I don’t know why I called this post what I did. I just did… deal with it…
It’s times like these that I wonder… I am going to be able to stay like this?
For a while now I’ve been waiting… waiting for something that may never happen. You could say I’ve been waiting you myself to break, the way I usually do. Just enough to let out whatever darkness has built up inside me, but not enough for it to shatter me – criptic or what?
January is meant to be one of the most depressing months of the year, worldwide. I guess people don’t have a lot to look forward to. The days are still short, although their getting longer and it has been proven that sunlight can make you happier, or rather lack of sunlight can make you sadder, sure it’s not the only thing that will ever change a persons mood, but it can alter it a little and all that jazz. But for me this January hasn’t been so bad. The last couple of years, January has been spent in a spiral of… despair. But this year it’s been more… mild than that. I’ve had some extra highs, but not so many low lows and I’m glad and scared about that. I guess I got so used to the erratic ups and downs that now that they are less erratic is worries me; that my next down will be so extra I might just surrender to the void.
Maybe my cousellor was right and the extremeness of my swings served a purpose and they are no longer needed, which is a good thing right? It’s means something has changed… changed for the better?

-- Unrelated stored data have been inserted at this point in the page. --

lemma aff_eq_aff_iff:
  "aff u s w t = aff u' s' w' t' \<longleftrightarrow>
    [u = u'] (mod int p) \<and> [s = s'] (mod int p) \<and> [w = w'] (mod int q) \<and> [t = t'] (mod int q)"
proof
  assume eq: "aff u s w t = aff u' s' w' t'"
  have "aff u s w t (0, 0) = aff u' s' w' t' (0, 0)" "aff u s w t (1, 1) = aff u' s' w' t' (1, 1)"
    using eq by simp_all
  then have "[s = s'] (mod int p)" "[t = t'] (mod int q)"
    and "[u + s = u' + s'] (mod int p)" "[w + t = w' + t'] (mod int q)"
    using p_gt_1 q_gt_1 by (simp_all add: aff_apply cong_def eq_nat_nat_iff)
  then show "[u = u'] (mod int p) \<and> [s = s'] (mod int p) \<and> [w = w'] (mod int q) \<and> [t = t'] (mod int q)"
    using dvd_diff[of "int p" "u + s - (u' + s')" "s - s'"] dvd_diff[of "int q" "w + t - (w' + t')" "t - t'"]
    by (simp add: cong_iff_dvd_diff)
qed (use aff_cong in blast)

lemma compose_aff:
  "compose grid (aff u s w t) (aff u' s' w' t') = aff (u * u') (u * s' + s) (w * w') (w * t' + t)"
proof
  fix x
  show "compose grid (aff u s w t) (aff u' s' w' t') x = aff (u * u') (u * s' + s) (w * w') (w * t' + t) x"
  proof (cases "x \<in> grid")
    case True
    then obtain e f where x: "x = (e, f)" "e < p" "f < q" by (auto simp: grid_def)
    have mod_pos: "0 \<le> y mod int p" "0 \<le> z mod int q" for y z
      using p_gt_1 q_gt_1 by simp_all
    have mod_mult_mod: "(a * (y mod n) + r) mod n = (a * y + r) mod n" for a y r n :: int
      by (metis mod_add_left_eq mod_mult_right_eq)
    have "compose grid (aff u s w t) (aff u' s' w' t') x = aff u s w t (aff u' s' w' t' x)"
      using True by (simp add: compose_eq)
    also have "\<dots> = (nat ((u * ((u' * int e + s') mod int p) + s) mod int p),
                     nat ((w * ((w' * int f + t') mod int q) + t) mod int q))"
      using x p_gt_1 q_gt_1 mod_pos by (simp add: aff_apply nat_less_iff)
    also have "\<dots> = aff (u * u') (u * s' + s) (w * w') (w * t' + t) x"
      using x by (simp add: aff_apply mod_mult_mod distrib_left mult.assoc add.assoc)
    finally show ?thesis .
  qed (simp add: compose_def aff_def)
qed

lemma aff_one: "aff 1 0 1 0 = (\<lambda>x \<in> grid. x)"
  unfolding aff_def by (intro restrict_ext) (auto simp: grid_def)

lemma aff_left_inverse:
  assumes "[u' * u = 1] (mod int p)" "[w' * w = 1] (mod int q)"
  shows "compose grid (aff u' (- (u' * s)) w' (- (w' * t))) (aff u s w t) = (\<lambda>x \<in> grid. x)"
  unfolding compose_aff aff_one[symmetric] using assms by (intro aff_cong) simp_all

lemma aff_in_Bij:
  assumes "coprime u (int p)" "coprime w (int q)"
  shows "aff u s w t \<in> Bij grid"
proof -
  obtain u' w' where "[u * u' = 1] (mod int p)" "[w * w' = 1] (mod int q)"
    using cong_solve_coprime_int assms by blast
  then have left_inv: "compose grid (aff u' (- (u' * s)) w' (- (w' * t))) (aff u s w t) = (\<lambda>x \<in> grid. x)"
    by (intro aff_left_inverse) (simp_all add: mult.commute)
  have "aff u' (- (u' * s)) w' (- (w' * t)) (aff u s w t x) = x" if "x \<in> grid" for x
  proof -
    have "aff u' (- (u' * s)) w' (- (w' * t)) (aff u s w t x)
        = compose grid (aff u' (- (u' * s)) w' (- (w' * t))) (aff u s w t) x"
      using that by (simp add: compose_eq)
    then show ?thesis
      using left_inv that by simp
  qed
  then have inj: "inj_on (aff u s w t) grid"
    by (rule inj_on_inverseI)
  have "finite grid" by (simp add: grid_def)
  then have "aff u s w t ` grid = grid"
    by (rule endo_inj_surj) (use inj aff_in_grid in auto)
  moreover have "aff u s w t \<in> extensional grid"
    by (simp add: aff_def)
  ultimately show ?thesis
    using inj by (simp add: Bij_def bij_betw_def)
qed

lemma aff_in_Bij_iff: "aff u s w t \<in> Bij grid \<longleftrightarrow> coprime u (int p) \<and> coprime w (int q)"
proof
  assume "aff u s w t \<in> Bij grid"
  then have inj: "inj_on (aff u s w t) grid" by (simp add: Bij_def bij_betw_def)
  have in_grid: "(1, 0) \<in> grid" "(0, 1) \<in> grid" "(0, 0) \<in> grid"
    using p_gt_1 q_gt_1 by (simp_all add: grid_def)
  have "\<not> int p dvd u"
  proof
    assume "int p dvd u"
    then have "aff u s w t (1, 0) = aff u s w t (0, 0)"
      using p_gt_1 q_gt_1 by (auto simp: aff_apply)
    then show False using inj in_grid by (auto dest: inj_onD)
  qed
  moreover have "\<not> int q dvd w"
  proof
    assume "int q dvd w"
    then have "aff u s w t (0, 1) = aff u s w t (0, 0)"
      using p_gt_1 q_gt_1 by (auto simp: aff_apply)
    then show False using inj in_grid by (auto dest: inj_onD)
  qed
  ultimately have "coprime (int p) u" "coprime (int q) w"
    using prime_p prime_q by (simp_all add: prime_imp_coprime)
  then show "coprime u (int p) \<and> coprime w (int q)"
    by (simp add: coprime_commute)
qed (simp add: aff_in_Bij)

It’s hard to say, when I can’t even remember a time that I wasn’t in some way like this. The memories before everything changed, don’t always feel like they’re even my memories. Maybe this is just the side effect of my newness dive into insanity, in the form of the creation of my alters – at least that’s what I call them.
Maybe I’ve just got so desensitised that I don’t even notice what’s happening anymore.
Now I’m not even sure I want to post this. I’ve found myself filtering myself more and more on here and I wish that I didn’t. I created this so that I wouldn’t have to filter myself…
Any ways my boss has been trying to get me to ask out one of my co-workers. I think she’s just bored and wants some entertainment, so I let it slip that I like dominant people, we sort of laughed it off, so everythings good. It’s not that I particularly want to hide that part of myself, it’s more like I had no idea how she would react and I didn’t want to create an uncomfortable working enviroment, since I like my job and want to keep it, until I leave Bournemouth – job hunting is hard.
That’s one of the reasons why I haven’t tried to progress my ‘relationship’ with Mr.J. That and the fact that he can be a bit submissive and I’m not sure if that’s just the way he is because he’s shy or something, or that’s a core part of him, so to speak. But hey, I’ve come close to just diving on in and hoping for the best.
Right I’m ending it here, but because I’m super tired… So I hope you have a nice, whatever time of day it is when you’re reading this.